Figure 1. Postulated mechanisms for the reaction of oxygen with the reduced Cu_B-heme a₃ binuclear center in CcO and for the reaction of H₂O₂ with the oxidized enzyme.

In this scheme the reaction with O₂ with the reduced binuclear center starts from the lower left corner and progresses to the P_M intermediate shown in the center. P_M is associated with a radical on Y244, which donates an electron to the binuclear center following the O-O bond cleavage reaction. The reaction sequence progresses to the P_R and F intermediates and ultimately to the oxidized state on the top left. The reaction with H₂O₂ is initiated by its binding to the heme a₃ of the oxidized enzyme. The oxidized bCcO preparation used for the present work contains a peroxide bridged between Cu and Fe.^{25, 56} Thus, the O species in the scheme are likely to be formed by the H₂O₂ reduction of the bridged peroxide.

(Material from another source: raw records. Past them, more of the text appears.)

(* Let $\mathscr{C}\subseteq\mathbb{F}_2^{n}$ be a binary linear block code of length $n$ and dimension $k$, with no idle bits and with minimum distance $d_{\min}\ge 2$. Fix $p\in[0,1]$. For each position $j\in\{1,\dots,n\}$, let $E_j\subseteq\{1,\dots,n\}\setminus\{j\}$ be a random set of erased positions, each position $\ell\neq j$ belonging to $E_j$ independently with probability $p$, and let $S_j=\{1,\dots,n\}\setminus(E_j\cup\{j\})$ be the set of non-erased positions other than $j$. Say that position $j$ is recoverable by (extrinsic) MAP erasure decoding if for all $c,c'\in\mathscr{C}$ with $c_\ell=c'_\ell$ for all $\ell\in S_j$ one has $c_j=c'_j$. Let $q$ be the probability that position $j$ is not recoverable, averaged uniformly over $j\in\{1,\dots,n\}$. Then $$q=\frac{1}{n}\sum_{t=0}^{n-1}p^{t}(1-p)^{n-1-t}\Big[(n-t)\,\tilde e_{n-t}-(t+1)\,\tilde e_{n-1-t}\Big],$$ where $\tilde e_g$ is the $g$th un-normalized information function of $\mathscr{C}$.
   Context: A coordinate of a linear code is an idle bit if it equals $0$ in every codeword (equivalently, the corresponding column of a generator matrix is zero). Let $\mathbf{G}$ be a $k\times n$ generator matrix of $\mathscr{C}$. For $0\le g\le n$, the $g$th un-normalized information function of $\mathscr{C}$ is $\tilde e_g=\sum_{T}\mathrm{rank}(\mathbf{G}_T)$, where the sum runs over all $\binom{n}{g}$ subsets $T\subseteq\{1,\dots,n\}$ of size $g$ and $\mathbf{G}_T$ is the $k\times g$ submatrix of $\mathbf{G}$ formed by the columns indexed by $T$ (with $\mathrm{rank}$ of an empty matrix equal to $0$, so $\tilde e_0=0$); it does not depend on the choice of generator matrix. *)

theory Defs
  imports "HOL-Library.Z2" "HOL-Probability.Product_PMF"
    "Jordan_Normal_Form.DL_Rank" "Jordan_Normal_Form.DL_Submatrix"
begin

text \<open>Binary vectors are \<open>bit vec\<close> (\<open>bit\<close> is the field F_2); positions are 0,...,n-1.\<close>

definition generator_matrix :: "bit mat \<Rightarrow> nat \<Rightarrow> nat \<Rightarrow> bit vec set \<Rightarrow> bool" where
  "generator_matrix G k n C \<longleftrightarrow>
     G \<in> carrier_mat k n \<and> vec_space.rank k G = k \<and>
     C = {transpose_mat G *\<^sub>v u | u. u \<in> carrier_vec k}"

definition info_fun :: "bit mat \<Rightarrow> nat \<Rightarrow> nat" where
  "info_fun G g = (\<Sum>T\<in>{T. T \<subseteq> {0..<dim_col G} \<and> card T = g}.
                     vec_space.rank (dim_row G) (submatrix G UNIV T))"

definition no_idle_bits :: "bit vec set \<Rightarrow> nat \<Rightarrow> bool" where
  "no_idle_bits C n \<longleftrightarrow> (\<forall>j<n. \<exists>c\<in>C. c $ j \<noteq> 0)"

definition hamming_weight :: "nat \<Rightarrow> bit vec \<Rightarrow> nat" where
  "hamming_weight n c = card {i. i < n \<and> c $ i \<noteq> 0}"

definition min_dist_ge :: "bit vec set \<Rightarrow> nat \<Rightarrow> nat \<Rightarrow> bool" where
  "min_dist_ge C n d \<longleftrightarrow>
     (\<forall>c\<in>C. \<forall>c'\<in>C. c \<noteq> c' \<longrightarrow> hamming_weight n (c - c') \<ge> d)"

definition recoverable :: "bit vec set \<Rightarrow> nat set \<Rightarrow> nat \<Rightarrow> bool" where
  "recoverable C S j \<longleftrightarrow>
     (\<forall>c\<in>C. \<forall>c'\<in>C. (\<forall>l\<in>S. c $ l = c' $ l) \<longrightarrow> c $ j = c' $ j)"

text \<open>Erasure pattern for position j: each l \<noteq> j (l < n) is erased independently with
  probability p; the random set E_j is {l. f l}.\<close>
definition erasure_pmf :: "nat \<Rightarrow> nat \<Rightarrow> real \<Rightarrow> (nat \<Rightarrow> bool) pmf" where
  "erasure_pmf n j p = Pi_pmf ({0..<n} - {j}) False (\<lambda>_. bernoulli_pmf p)"

definition nonrec_prob :: "bit vec set \<Rightarrow> nat \<Rightarrow> real \<Rightarrow> real" where
  "nonrec_prob C n p = (1 / real n) * (\<Sum>j<n.
      measure_pmf.prob (erasure_pmf n j p)
        {f. \<not> recoverable C ({0..<n} - ({l. f l} \<union> {j})) j})"

end

theory Submission
  imports Defs
begin

text \<open>
  Write \<open>rk(T)\<close> for the rank of the columns of \<open>G\<close> indexed by \<open>T\<close>.
  Position \<open>j\<close> is recoverable from the surviving positions \<open>S\<close> iff column \<open>j\<close> lies in the span
  of the columns in \<open>S\<close> (a vector outside a span is separated from it by a linear functional),
  i.e.\ iff \<open>rk(S \<union> {j}) = rk(S)\<close>; otherwise the rank grows by exactly one.  Hence the
  probability that \<open>j\<close> is not recoverable is the expectation of the rank increment
  \<open>rk(S \<union> {j}) - rk(S)\<close> over the random survivor set \<open>S\<close>.  Summing over \<open>j\<close>, double
  counting the pairs \<open>(j, S)\<close> and grouping the sets by cardinality leaves only the layer sums
  \<open>\<Sum>\<^bsub>|T| = g\<^esub> rk(T)\<close>, which are the information functions \<open>e\<^sub>g\<close>.
\<close>

context vec_space
begin

text \<open>An independent subset \<open>B\<close> of \<open>X\<close> whose span contains \<open>X\<close> is a maximal independent
  subset of \<open>X\<close>; the library computes the dimension of a span from such a set.\<close>
lemma maximal_indpt_if_spanning:
  assumes "lin_indpt B" "B \<subseteq> X" "X \<subseteq> span B" "X \<subseteq> carrier_vec n"
  shows "maximal B (\<lambda>T. T \<subseteq> X \<and> lin_indpt T)"
  unfolding maximal_def
proof (intro conjI allI impI)
  show "B \<subseteq> X" "lin_indpt B" using assms by auto
  fix T assume T: "B \<subseteq> T \<and> T \<subseteq> X \<and> lin_indpt T"
  show "T = B"
  proof (rule ccontr)
    assume "T \<noteq> B"
    then obtain x where x: "x \<in> T" "x \<notin> B" using T by blast
    have carrier: "B \<subseteq> carrier_vec n" "x \<in> carrier_vec n" and "x \<in> span B"
      using x T assms by auto
    then have "lin_dep (insert x B)"
      using lin_dep_iff_in_span[OF carrier(1) assms(1) carrier(2) x(2)] by auto
    then have "lin_dep T" using supset_ld_is_ld[of "insert x B" T] x T by auto
    then show False using T by auto
  qed
qed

The O-O bond cleavage of the resulting hydroperoxy intermediate leads to a Compound I species with a porphyrin π-cation, which can accept an electron from Y244 to form P_H, leaving a radical on Y244 (Pathway A). The Y244 radical can be re-reduced by Y129 to form F^•. Alternatively, the porphyrin π-cation can accept an electron directly from Y129 to form F^• without passing through Y244 (Pathway B). The P_H intermediate formed via Pathway A is the same as that (P_M) generated in the O₂ reaction and depending on the pH can progress to form P_R and F.